The weapon seemed far too big for her petite grasp.
    The trooper who had spoken took a cautious
step forward. His mouth displayed an improbable smile.
    “Stay back,” the young woman snapped. “And
that’s my only warning.” The finned muzzle never wavered.
    “Look miss.” It was the same trooper
speaking, this time making an appeal to reason. “You can’t get away
with this. Your garrison’s finished. We’re in control now. Our
troopers are everywhere. Don’t make things worse for yourself.”

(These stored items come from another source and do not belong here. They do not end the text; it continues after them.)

lemma residue_generating_function_sums:
  fixes h :: "complex \<Rightarrow> complex" and \<alpha> \<epsilon> :: complex
  assumes h: "h holomorphic_on ball 0 R" and "0 < \<rho>" "\<rho> < R"
    and small: "cmod \<epsilon> * (cmod \<alpha> + \<rho>) < \<rho>"
  shows "(\<lambda>j. residue (\<lambda>z. h z / (2*z) * ((\<alpha> - z)/(2*z))^j) 0 * \<epsilon>^j)
           sums (h (\<epsilon>*\<alpha>/(2 + \<epsilon>)) / (2 + \<epsilon>))"
proof -
  define z\<^sub>\<epsilon> where "z\<^sub>\<epsilon> = \<epsilon>*\<alpha>/(2 + \<epsilon>)"
  define f where "f j z = h z / (2*z) * ((\<alpha> - z)/(2*z))^j * \<epsilon>^j" for j z
  have "2 + \<epsilon> \<noteq> 0" "cmod z\<^sub>\<epsilon> < \<rho>"
    using small_parameter[OF \<open>0 < \<rho>\<close> small] by (auto simp: add_eq_0_iff z\<^sub>\<epsilon>_def)
  have sphere: "sphere 0 \<rho> \<subseteq> ball 0 R" "cball 0 \<rho> \<subseteq> ball 0 R"
    using \<open>\<rho> < R\<close> by auto
  have ratio: "cmod (\<epsilon> * ((\<alpha> - z)/(2*z))) \<le> 1/2" if "z \<in> sphere 0 \<rho>" for z
    using that by (intro norm_geometric_ratio_on_circle[OF \<open>0 < \<rho>\<close> _ small]) simp
  obtain H where H: "\<And>z. z \<in> sphere 0 \<rho> \<Longrightarrow> cmod (h z) \<le> H"
    using compact_imp_bounded[OF compact_continuous_image[OF
        holomorphic_on_imp_continuous_on[OF holomorphic_on_subset[OF h sphere(1)]] compact_sphere]]
    unfolding bounded_iff by blast
  have integral: "(f j has_contour_integral
      2 * pi * \<i> * (residue (\<lambda>z. h z / (2*z) * ((\<alpha> - z)/(2*z))^j) 0 * \<epsilon>^j)) (circlepath 0 \<rho>)"
    for j
    unfolding f_def mult.assoc[symmetric, of "2 * pi * \<i>"]
    using \<open>0 < \<rho>\<close> \<open>\<rho> < R\<close> sphere(2) holomorphic_on_subset[OF h, of "ball 0 R - {0}"]
    by (intro has_contour_integral_rmul base_residue[of "ball 0 R"]) (auto intro!: holomorphic_intros)
  have bound: "cmod (f j z) \<le> H / (2*\<rho>) * (1/2)^j" if "z \<in> sphere 0 \<rho>" for j z
    unfolding f_def using that H[OF that]
    by (intro norm_geometric_term_on_circle[OF \<open>0 < \<rho>\<close> _ small]) auto
  have pointwise: "(\<lambda>j. f j z) sums (1 / (2 + \<epsilon>) * (h z / (z - z\<^sub>\<epsilon>)))" if "z \<in> sphere 0 \<rho>" for z
    using geometric_kernel_sums[of z \<epsilon> \<alpha> "h z"] that ratio[OF that] \<open>0 < \<rho>\<close> \<open>2 + \<epsilon> \<noteq> 0\<close>
    by (auto simp: f_def z\<^sub>\<epsilon>_def)
  from \<open>cmod z\<^sub>\<epsilon> < \<rho>\<close> have "((\<lambda>z. h z / (z - z\<^sub>\<epsilon>)) has_contour_integral 2 * of_real pi * \<i> * h z\<^sub>\<epsilon>) (circlepath 0 \<rho>)"
    by (intro Cauchy_integral_circlepath_simple holomorphic_on_subset[OF h sphere(2)]) simp
  from has_contour_integral_lmul[OF this, of "1 / (2 + \<epsilon>)"]
  have cauchy: "((\<lambda>z. 1 / (2 + \<epsilon>) * (h z / (z - z\<^sub>\<epsilon>))) has_contour_integral
      2 * pi * \<i> * (h z\<^sub>\<epsilon> / (2 + \<epsilon>))) (circlepath 0 \<rho>)"
    by (simp add: mult.commute mult.left_commute)
  have "summable (\<lambda>j. H / (2*\<rho>) * (1/2)^j)"
    by (intro summable_mult summable_geometric) simp
  note series = sums_contour_integrals_circlepath[OF \<open>0 < \<rho>\<close> integral bound this pointwise cauchy]
  have "2 * pi * \<i> \<noteq> 0"
    by simp
  from iffD1[OF sums_mult_iff[OF this] series] show ?thesis
    by (simp only: z\<^sub>\<epsilon>_def)
qed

    But if the young woman was listening, she
gave no sign.
    “Help him up!” she ordered, motioning the
Meredith in Lars’s direction, her voice hard like a knife-edge on
stone. “And don’t try anything foolish, I’m used to handling one of
these.”
    The two troopers hauled Lars roughly to his
feet. His will fought to stay upright. His legs wobbled like
jelly.
    “ Now leave him and go .” The pistol waved
them away.
    The troopers stepped back a pace each,
leaving Lars swaying like a sapling in a gale. But they did not
go.
    Lars gazed at his saviour. Her long auburn
hair was in a tangle, her gown a mess. But no matter her state, she
looked like an angel.
    “Miss.” The second trooper spoke now, his
tone low and wary. “You are the one being foolish. If we don’t take
you in, you could be shot on sight.”
    No spoken answer came from the angel.
Instead, the pistol bucked in her hands, and its hoarse bark filled
the air. The ground between the trooper’s feet dissolved in a hiss
of blinding light. He jumped back, his boots smoking from the
closeness of the blast.
    “Go!” Her command was barely above a whisper,
but both men heard and began to back away.
    The Meredith pistol growled again, its
light-bolts melting a red-hot path along the ground toward them. As
one, they turned and ran.
    Lars tried hard to stop himself from
laughing, but it was no use. The sight of the two stalwart troopers
in full flight was too much to ignore. The laughter caught him like
a whip’s sharp crack in his sides. He grimaced and tried to wrap
the pain in with his arms.
    “Are you all right?” The voice that spoke now
was warm and gentle.
    Lars looked up and found himself gazing into
the most beautiful pair of hazel eyes he had ever seen.
    The young woman brushed away the wisps of
hair from her face with one hand; the Meredith pistol dangled
casually from the other.
    “Are you all right?” she asked again with a
concerned smile.
    Lars forgot his hurts and revelled in the
warmth of her smile. Suddenly, it seemed he had always known her,
loved her perhaps, though she was a complete stranger. He could not
explain the feeling, save that it came from somewhere deep inside
him.
    “ Yeah, I’ll live – I think,” he replied.
“Thanks for what you did.” He grinned ruefully. “Great hero I
turned out to be. I guess you rescued me in the end. Not the other
way round.”
    The hazel eyes regarded him
sympathetically. “I could not have got free without you,” she said.